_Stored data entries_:
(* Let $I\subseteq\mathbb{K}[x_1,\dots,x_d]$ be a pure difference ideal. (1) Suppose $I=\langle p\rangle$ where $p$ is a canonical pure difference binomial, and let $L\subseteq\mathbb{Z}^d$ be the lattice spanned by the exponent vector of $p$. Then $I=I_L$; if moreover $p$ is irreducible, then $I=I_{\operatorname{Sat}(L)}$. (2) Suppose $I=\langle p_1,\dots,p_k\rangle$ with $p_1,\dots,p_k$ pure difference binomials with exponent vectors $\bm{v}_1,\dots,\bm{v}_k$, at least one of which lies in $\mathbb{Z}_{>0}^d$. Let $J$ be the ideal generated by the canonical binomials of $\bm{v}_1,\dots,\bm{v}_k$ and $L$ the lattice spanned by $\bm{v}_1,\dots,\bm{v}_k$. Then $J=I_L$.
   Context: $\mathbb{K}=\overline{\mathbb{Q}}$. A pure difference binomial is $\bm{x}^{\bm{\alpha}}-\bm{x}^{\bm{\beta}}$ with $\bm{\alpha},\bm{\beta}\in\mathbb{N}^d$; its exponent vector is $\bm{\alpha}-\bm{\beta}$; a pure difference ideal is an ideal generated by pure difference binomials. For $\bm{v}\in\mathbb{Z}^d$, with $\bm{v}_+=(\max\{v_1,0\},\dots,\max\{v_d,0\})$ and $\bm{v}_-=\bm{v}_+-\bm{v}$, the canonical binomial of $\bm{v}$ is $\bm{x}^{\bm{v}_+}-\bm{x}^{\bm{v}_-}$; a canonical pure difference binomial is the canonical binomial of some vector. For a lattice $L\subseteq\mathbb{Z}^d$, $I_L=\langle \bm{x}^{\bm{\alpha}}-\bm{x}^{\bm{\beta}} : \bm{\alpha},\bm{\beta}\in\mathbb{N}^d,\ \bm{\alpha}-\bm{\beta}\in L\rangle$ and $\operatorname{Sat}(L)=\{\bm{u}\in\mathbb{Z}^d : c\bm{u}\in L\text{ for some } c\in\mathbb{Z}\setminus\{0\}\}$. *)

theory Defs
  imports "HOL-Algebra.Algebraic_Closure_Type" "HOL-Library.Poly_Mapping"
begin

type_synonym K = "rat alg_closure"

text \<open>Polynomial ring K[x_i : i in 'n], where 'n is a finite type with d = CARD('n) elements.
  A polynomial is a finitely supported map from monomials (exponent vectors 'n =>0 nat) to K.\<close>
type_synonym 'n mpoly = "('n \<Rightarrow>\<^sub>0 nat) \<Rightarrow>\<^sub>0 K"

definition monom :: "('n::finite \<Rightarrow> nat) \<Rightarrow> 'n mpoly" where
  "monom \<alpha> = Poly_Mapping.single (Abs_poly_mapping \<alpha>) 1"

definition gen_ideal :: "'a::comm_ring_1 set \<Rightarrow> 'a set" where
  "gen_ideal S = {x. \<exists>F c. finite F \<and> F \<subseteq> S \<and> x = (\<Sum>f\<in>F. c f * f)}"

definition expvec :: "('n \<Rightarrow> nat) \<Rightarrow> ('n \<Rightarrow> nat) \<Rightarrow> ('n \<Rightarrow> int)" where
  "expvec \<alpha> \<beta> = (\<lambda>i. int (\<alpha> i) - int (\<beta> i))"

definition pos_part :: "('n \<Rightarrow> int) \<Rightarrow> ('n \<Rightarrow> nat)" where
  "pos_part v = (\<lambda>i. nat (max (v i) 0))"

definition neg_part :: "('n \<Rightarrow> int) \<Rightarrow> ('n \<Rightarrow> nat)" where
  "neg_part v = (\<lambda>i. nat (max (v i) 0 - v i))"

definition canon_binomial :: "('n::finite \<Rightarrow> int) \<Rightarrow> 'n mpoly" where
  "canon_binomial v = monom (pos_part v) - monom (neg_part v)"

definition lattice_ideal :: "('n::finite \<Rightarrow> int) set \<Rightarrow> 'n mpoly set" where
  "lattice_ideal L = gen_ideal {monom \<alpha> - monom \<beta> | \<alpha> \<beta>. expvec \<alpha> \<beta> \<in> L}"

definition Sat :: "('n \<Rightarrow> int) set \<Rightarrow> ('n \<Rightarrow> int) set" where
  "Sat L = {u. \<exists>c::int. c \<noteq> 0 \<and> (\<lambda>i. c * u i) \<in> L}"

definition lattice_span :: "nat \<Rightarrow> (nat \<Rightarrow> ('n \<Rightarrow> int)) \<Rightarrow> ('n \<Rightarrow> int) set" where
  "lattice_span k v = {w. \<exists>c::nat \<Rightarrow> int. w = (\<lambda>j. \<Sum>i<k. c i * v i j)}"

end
--
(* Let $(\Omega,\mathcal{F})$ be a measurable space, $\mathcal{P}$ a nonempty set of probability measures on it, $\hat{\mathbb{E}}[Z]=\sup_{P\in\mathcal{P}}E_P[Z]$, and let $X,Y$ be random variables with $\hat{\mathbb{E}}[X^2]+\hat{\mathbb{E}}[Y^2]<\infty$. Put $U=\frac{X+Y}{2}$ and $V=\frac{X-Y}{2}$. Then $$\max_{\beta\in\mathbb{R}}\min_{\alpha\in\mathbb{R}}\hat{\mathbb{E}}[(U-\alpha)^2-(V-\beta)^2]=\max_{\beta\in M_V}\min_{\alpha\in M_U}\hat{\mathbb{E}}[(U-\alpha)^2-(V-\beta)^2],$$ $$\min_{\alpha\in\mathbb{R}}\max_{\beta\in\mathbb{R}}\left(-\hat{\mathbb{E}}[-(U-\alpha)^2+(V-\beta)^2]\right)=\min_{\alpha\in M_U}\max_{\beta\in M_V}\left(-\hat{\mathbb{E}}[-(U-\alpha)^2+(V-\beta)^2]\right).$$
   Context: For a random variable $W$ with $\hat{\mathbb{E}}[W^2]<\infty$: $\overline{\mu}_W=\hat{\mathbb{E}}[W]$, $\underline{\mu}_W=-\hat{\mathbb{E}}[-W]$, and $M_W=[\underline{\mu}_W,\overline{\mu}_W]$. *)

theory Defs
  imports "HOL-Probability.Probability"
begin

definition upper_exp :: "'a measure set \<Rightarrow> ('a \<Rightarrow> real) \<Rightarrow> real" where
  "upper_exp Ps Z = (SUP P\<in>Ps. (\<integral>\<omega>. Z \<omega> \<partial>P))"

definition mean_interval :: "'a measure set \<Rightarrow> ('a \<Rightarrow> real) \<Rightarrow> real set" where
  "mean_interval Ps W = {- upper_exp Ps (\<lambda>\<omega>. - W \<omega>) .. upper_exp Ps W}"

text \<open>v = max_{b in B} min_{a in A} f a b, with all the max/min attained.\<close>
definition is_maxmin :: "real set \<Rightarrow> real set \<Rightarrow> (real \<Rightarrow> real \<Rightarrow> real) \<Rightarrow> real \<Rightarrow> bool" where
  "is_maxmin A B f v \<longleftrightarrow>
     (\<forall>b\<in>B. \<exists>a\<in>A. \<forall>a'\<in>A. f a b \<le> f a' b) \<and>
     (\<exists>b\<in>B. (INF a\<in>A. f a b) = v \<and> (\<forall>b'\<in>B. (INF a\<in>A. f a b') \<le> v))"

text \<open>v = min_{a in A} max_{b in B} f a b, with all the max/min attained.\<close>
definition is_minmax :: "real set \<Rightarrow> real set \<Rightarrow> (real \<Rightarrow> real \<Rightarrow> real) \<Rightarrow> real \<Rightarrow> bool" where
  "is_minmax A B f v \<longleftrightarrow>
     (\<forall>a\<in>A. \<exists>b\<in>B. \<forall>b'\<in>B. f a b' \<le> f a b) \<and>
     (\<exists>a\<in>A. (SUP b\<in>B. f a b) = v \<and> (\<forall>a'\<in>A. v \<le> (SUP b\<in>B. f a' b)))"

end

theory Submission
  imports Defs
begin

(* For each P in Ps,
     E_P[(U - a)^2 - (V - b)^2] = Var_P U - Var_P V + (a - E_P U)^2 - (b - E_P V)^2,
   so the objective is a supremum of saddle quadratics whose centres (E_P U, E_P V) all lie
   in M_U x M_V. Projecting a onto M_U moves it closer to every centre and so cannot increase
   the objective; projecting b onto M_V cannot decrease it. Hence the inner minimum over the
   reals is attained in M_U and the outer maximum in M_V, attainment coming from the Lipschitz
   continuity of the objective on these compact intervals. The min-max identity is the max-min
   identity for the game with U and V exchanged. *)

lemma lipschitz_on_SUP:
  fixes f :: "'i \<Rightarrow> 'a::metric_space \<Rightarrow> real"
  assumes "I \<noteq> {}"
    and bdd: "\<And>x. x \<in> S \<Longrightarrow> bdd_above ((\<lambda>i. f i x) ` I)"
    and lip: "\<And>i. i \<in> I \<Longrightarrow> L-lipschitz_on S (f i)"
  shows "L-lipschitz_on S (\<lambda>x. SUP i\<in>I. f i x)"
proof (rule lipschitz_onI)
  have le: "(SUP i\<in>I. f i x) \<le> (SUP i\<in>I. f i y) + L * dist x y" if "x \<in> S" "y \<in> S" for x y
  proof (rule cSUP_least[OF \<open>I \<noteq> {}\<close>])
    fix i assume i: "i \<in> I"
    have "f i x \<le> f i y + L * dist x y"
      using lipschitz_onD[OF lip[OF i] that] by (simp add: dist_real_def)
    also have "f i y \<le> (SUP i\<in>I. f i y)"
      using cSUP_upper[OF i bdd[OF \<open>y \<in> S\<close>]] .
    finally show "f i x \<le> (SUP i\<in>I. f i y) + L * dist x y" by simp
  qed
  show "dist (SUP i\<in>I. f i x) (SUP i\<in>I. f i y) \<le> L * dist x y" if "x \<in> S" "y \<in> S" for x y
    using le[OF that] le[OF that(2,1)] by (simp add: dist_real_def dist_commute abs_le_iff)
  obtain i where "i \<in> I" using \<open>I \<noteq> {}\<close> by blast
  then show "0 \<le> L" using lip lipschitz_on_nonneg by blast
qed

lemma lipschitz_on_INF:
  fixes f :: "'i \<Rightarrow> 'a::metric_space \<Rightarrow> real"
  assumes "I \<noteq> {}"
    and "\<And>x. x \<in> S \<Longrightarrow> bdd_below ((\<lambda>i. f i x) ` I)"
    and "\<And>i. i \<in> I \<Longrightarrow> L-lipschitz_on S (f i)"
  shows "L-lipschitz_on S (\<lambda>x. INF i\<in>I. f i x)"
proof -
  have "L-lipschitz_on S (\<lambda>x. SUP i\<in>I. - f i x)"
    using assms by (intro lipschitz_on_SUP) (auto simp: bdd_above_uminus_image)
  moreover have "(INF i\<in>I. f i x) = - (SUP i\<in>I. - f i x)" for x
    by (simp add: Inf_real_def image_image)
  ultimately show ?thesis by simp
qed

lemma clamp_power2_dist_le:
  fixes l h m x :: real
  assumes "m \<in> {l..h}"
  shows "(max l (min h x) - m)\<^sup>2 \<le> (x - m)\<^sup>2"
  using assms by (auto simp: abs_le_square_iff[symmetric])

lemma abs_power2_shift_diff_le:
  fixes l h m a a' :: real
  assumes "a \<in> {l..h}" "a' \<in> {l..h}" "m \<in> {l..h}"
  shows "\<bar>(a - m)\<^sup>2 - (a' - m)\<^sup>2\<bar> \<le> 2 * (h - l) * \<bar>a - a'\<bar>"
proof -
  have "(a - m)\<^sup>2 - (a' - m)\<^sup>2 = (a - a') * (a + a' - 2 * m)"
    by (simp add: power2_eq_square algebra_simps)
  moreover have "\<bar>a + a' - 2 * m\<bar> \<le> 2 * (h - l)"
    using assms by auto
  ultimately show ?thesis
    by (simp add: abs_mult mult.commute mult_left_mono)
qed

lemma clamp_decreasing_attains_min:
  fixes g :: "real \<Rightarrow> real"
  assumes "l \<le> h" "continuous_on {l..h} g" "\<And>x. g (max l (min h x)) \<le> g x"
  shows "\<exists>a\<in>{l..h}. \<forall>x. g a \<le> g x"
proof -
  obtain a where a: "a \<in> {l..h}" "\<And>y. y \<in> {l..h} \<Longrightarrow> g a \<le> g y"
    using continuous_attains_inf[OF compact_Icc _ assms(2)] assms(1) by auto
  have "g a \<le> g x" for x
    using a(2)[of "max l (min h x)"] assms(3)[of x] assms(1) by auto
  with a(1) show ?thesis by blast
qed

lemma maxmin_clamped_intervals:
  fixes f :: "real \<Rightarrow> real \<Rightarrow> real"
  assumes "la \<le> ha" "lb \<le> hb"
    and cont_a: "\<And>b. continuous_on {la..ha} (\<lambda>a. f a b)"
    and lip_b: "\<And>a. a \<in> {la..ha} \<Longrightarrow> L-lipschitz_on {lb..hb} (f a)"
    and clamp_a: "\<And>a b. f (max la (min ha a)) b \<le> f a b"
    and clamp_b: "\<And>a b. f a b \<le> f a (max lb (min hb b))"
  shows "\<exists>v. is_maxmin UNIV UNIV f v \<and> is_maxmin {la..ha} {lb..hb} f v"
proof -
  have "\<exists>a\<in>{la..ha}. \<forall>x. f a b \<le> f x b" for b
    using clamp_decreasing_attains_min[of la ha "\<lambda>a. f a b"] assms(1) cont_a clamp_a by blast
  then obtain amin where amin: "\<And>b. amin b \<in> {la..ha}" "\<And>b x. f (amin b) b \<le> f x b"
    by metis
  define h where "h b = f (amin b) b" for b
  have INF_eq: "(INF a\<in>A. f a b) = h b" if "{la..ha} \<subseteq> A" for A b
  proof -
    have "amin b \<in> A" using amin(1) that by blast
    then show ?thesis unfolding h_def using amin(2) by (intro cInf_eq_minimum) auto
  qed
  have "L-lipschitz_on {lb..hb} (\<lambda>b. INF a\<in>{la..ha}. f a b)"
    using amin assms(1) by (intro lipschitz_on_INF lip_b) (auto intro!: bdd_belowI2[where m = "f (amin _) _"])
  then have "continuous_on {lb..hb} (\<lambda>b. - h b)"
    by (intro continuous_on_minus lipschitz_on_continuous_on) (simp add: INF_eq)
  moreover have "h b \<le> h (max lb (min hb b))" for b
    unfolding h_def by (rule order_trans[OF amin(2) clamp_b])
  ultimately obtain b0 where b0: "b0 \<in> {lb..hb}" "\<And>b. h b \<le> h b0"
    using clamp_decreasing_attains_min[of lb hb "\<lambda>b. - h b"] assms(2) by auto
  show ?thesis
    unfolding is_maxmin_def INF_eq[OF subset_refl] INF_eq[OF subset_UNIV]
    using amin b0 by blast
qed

_THE PROBLEM_: All that is wanted is an exact copy of the lines above from the one with "then show ?thesis" through the one with "ultimately obtain b0", with both ends included.

_OUTPUT OF THE TASK_:
    then show ?thesis unfolding h_def using amin(2) by (intro cInf_eq_minimum) auto
  qed
  have "L-lipschitz_on {lb..hb} (\<lambda>b. INF a\<in>{la..ha}. f a b)"
    using amin assms(1) by (intro lipschitz_on_INF lip_b) (auto intro!: bdd_belowI2[where m = "f (amin _) _"])
  then have "continuous_on {lb..hb} (\<lambda>b. - h b)"
    by (intro continuous_on_minus lipschitz_on_continuous_on) (simp add: INF_eq)
  moreover have "h b \<le> h (max lb (min hb b))" for b
    unfolding h_def by (rule order_trans[OF amin(2) clamp_b])
  ultimately obtain b0 where b0: "b0 \<in> {lb..hb}" "\<And>b. h b \<le> h b0"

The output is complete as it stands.